2) Output files should be writen to your NFS directory, such as /atlas/data19/username, instead of Lustre, as small IOs from the job updates will impose performance penalty to the Lustre file system.
Options of Queues
User can submit their jobs to 4 different kind of queues by using different submission commands:
condor_submit
(submit to regular queues, jobs are allowed to run up to 3 days)
condor_submit_short
(submited to the short queue, which has 12 reserved cores, jobs are allowed to run up to 2 hours)

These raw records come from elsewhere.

definition closed_loop ::
  "'v::finite set set \<Rightarrow> ('v set \<Rightarrow> real) \<Rightarrow> ('v \<Rightarrow> 'n::finite \<Rightarrow> real^'n) \<Rightarrow> ('v \<Rightarrow> 'n \<Rightarrow> real)
   \<Rightarrow> ('v \<Rightarrow> 'n \<Rightarrow> real) \<Rightarrow> (real \<Rightarrow> real) \<Rightarrow> (real \<Rightarrow> real) \<Rightarrow> real \<Rightarrow> (real^'n)^'v \<Rightarrow> (real^'n)^'v" where
  "closed_loop E d b \<omega> \<phi> h1 h2 t p =
     (\<chi> i. \<Sum>k\<in>UNIV. ctrl E d \<omega> \<phi> h1 h2 i k t p *\<^sub>R b i k)"

definition admissible_h :: "(real \<Rightarrow> real) \<Rightarrow> (real \<Rightarrow> real) \<Rightarrow> (real \<Rightarrow> real) \<Rightarrow> bool" where
  "admissible_h h h' h'' \<longleftrightarrow>
     (\<forall>y\<le>0. h y = 0) \<and>
     (\<exists>M. \<forall>y>0. \<bar>h y\<bar> \<le> M) \<and>
     (\<forall>y>0. (h has_real_derivative h' y) (at y) \<and> (h' has_real_derivative h'' y) (at y)) \<and>
     continuous_on {0<..} h'' \<and>
     (\<exists>C. eventually (\<lambda>y. \<bar>h y / y\<bar> \<le> C) (at_right 0)) \<and>
     (\<exists>C. eventually (\<lambda>y. \<bar>h' y\<bar> \<le> C) (at_right 0)) \<and>
     (\<exists>C. eventually (\<lambda>y. \<bar>h'' y * y\<bar> \<le> C) (at_right 0))"

end

(*
  A vector field that is bounded and Lipschitz in the state on every ball, uniformly in time,
  has a unique global flow. Uniqueness: the squared distance w of two solutions satisfies
  |w'| <= 2 L w, so by Gronwall it vanishes at one end of an interval iff at the other.
  Existence on [a, b]: boundedness keeps every Picard iterate in one fixed ball around the
  initial value, so a single Lipschitz constant L applies, and the n-th iterate of the Picard
  operator has Lipschitz constant (L (b - a))^n / n!, hence some iterate is a contraction.
  These local solutions agree on overlaps and glue to a solution on the whole line.
  The closed loop is such a field: each h is bounded, vanishes on (-inf, 0] and has bounded
  derivative near 0, hence is Lipschitz on compacts; psi_i is a polynomial in p; and time
  enters only through the bounded factors sqrt(omega) cos and sqrt(omega) sin.
*)
theory Submission
  imports Defs
begin
lemma insert_mem_S_lex_iff_restr:
  assumes "V \<subseteq> {v. length v = n}" "1 \<le> n" "n \<notin> \<sigma>"
  shows "insert n \<sigma> \<in> S_lex n V \<longleftrightarrow>
         \<sigma> \<in> S_lex (n - 1) (restr V False) \<inter> S_lex (n - 1) (restr V True)"
proof (cases "\<sigma> \<subseteq> {1..n - 1}")
  case True
  then have "finite \<sigma>"
    using finite_subset by blast
  with assms(3) have "lookup (monom_of_set \<sigma>) n = 0"
    and "monom_of_set (insert n \<sigma>) = single n 1 + monom_of_set \<sigma>"
    by (simp_all add: lookup_monom_of_set monom_of_set_insert)
  moreover have "insert n \<sigma> \<subseteq> {1..n}"
    using True assms(2,3) subset_atLeastAtMost_diff_one_iff by auto
  ultimately show ?thesis
    using True var_lead_monoms_van_ideal_iff[OF assms(1,2)] unfolding Int_iff mem_S_lex_iff by auto
next
  case False
  with assms(3) have "\<not> insert n \<sigma> \<subseteq> {1..n}"
    using subset_atLeastAtMost_diff_one_iff by blast
  with False show ?thesis
    unfolding Int_iff mem_S_lex_iff by blast
qed

theorem lemma3p1:
  fixes n :: nat and V :: "bool list set"
  assumes "n \<ge> 1"
    and "V \<subseteq> {v. length v = n}"
    and "V \<noteq> {}"
  shows "S_lex n V = S_lex (n - 1) (restr V False) \<union> S_lex (n - 1) (restr V True)
           \<union> cone n (S_lex (n - 1) (restr V False) \<inter> S_lex (n - 1) (restr V True))"
proof (rule set_eqI)
  fix \<tau>
  let ?S0 = "S_lex (n - 1) (restr V False)" and ?S1 = "S_lex (n - 1) (restr V True)"
  have avoid: "\<forall>\<sigma>\<in>?S0 \<inter> ?S1. n \<notin> \<sigma>"
    by (fastforce simp: mem_S_lex_iff)
  show "\<tau> \<in> S_lex n V \<longleftrightarrow> \<tau> \<in> ?S0 \<union> ?S1 \<union> cone n (?S0 \<inter> ?S1)"
  proof (cases "n \<in> \<tau>")
    case True
    then have "\<tau> = insert n (\<tau> - {n})"
      by blast
    moreover have "\<tau> \<notin> ?S0" "\<tau> \<notin> ?S1"
      using True by (fastforce simp: mem_S_lex_iff)+
    ultimately show ?thesis
      using True insert_mem_S_lex_iff_restr[OF assms(2,1), of "\<tau> - {n}"] mem_cone_iff[OF avoid, of \<tau>]
      by auto
  next
    case False
    then show ?thesis
      using mem_S_lex_iff_restr[OF assms(2,1) False] mem_cone_iff[OF avoid, of \<tau>] by auto
  qed
qed

end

condor_submit_medium (jobs are allowed to run up to 4 hours)
condor_submit_unlimited
(with 16 reserved cores, jobs are allowed to run with unlimited time)
Options of Resources
User can choose different resource requirements by using different submission commands:
condor_submit_mcore
(jobs are allowed to use 8 cpus/job)
condor_submit_lmem
(jobs are allowed to use up to 6GB memory/job)
For more details about the submission options, check the content of the files /usr/local/bin/condor_submit* on any interactive machines.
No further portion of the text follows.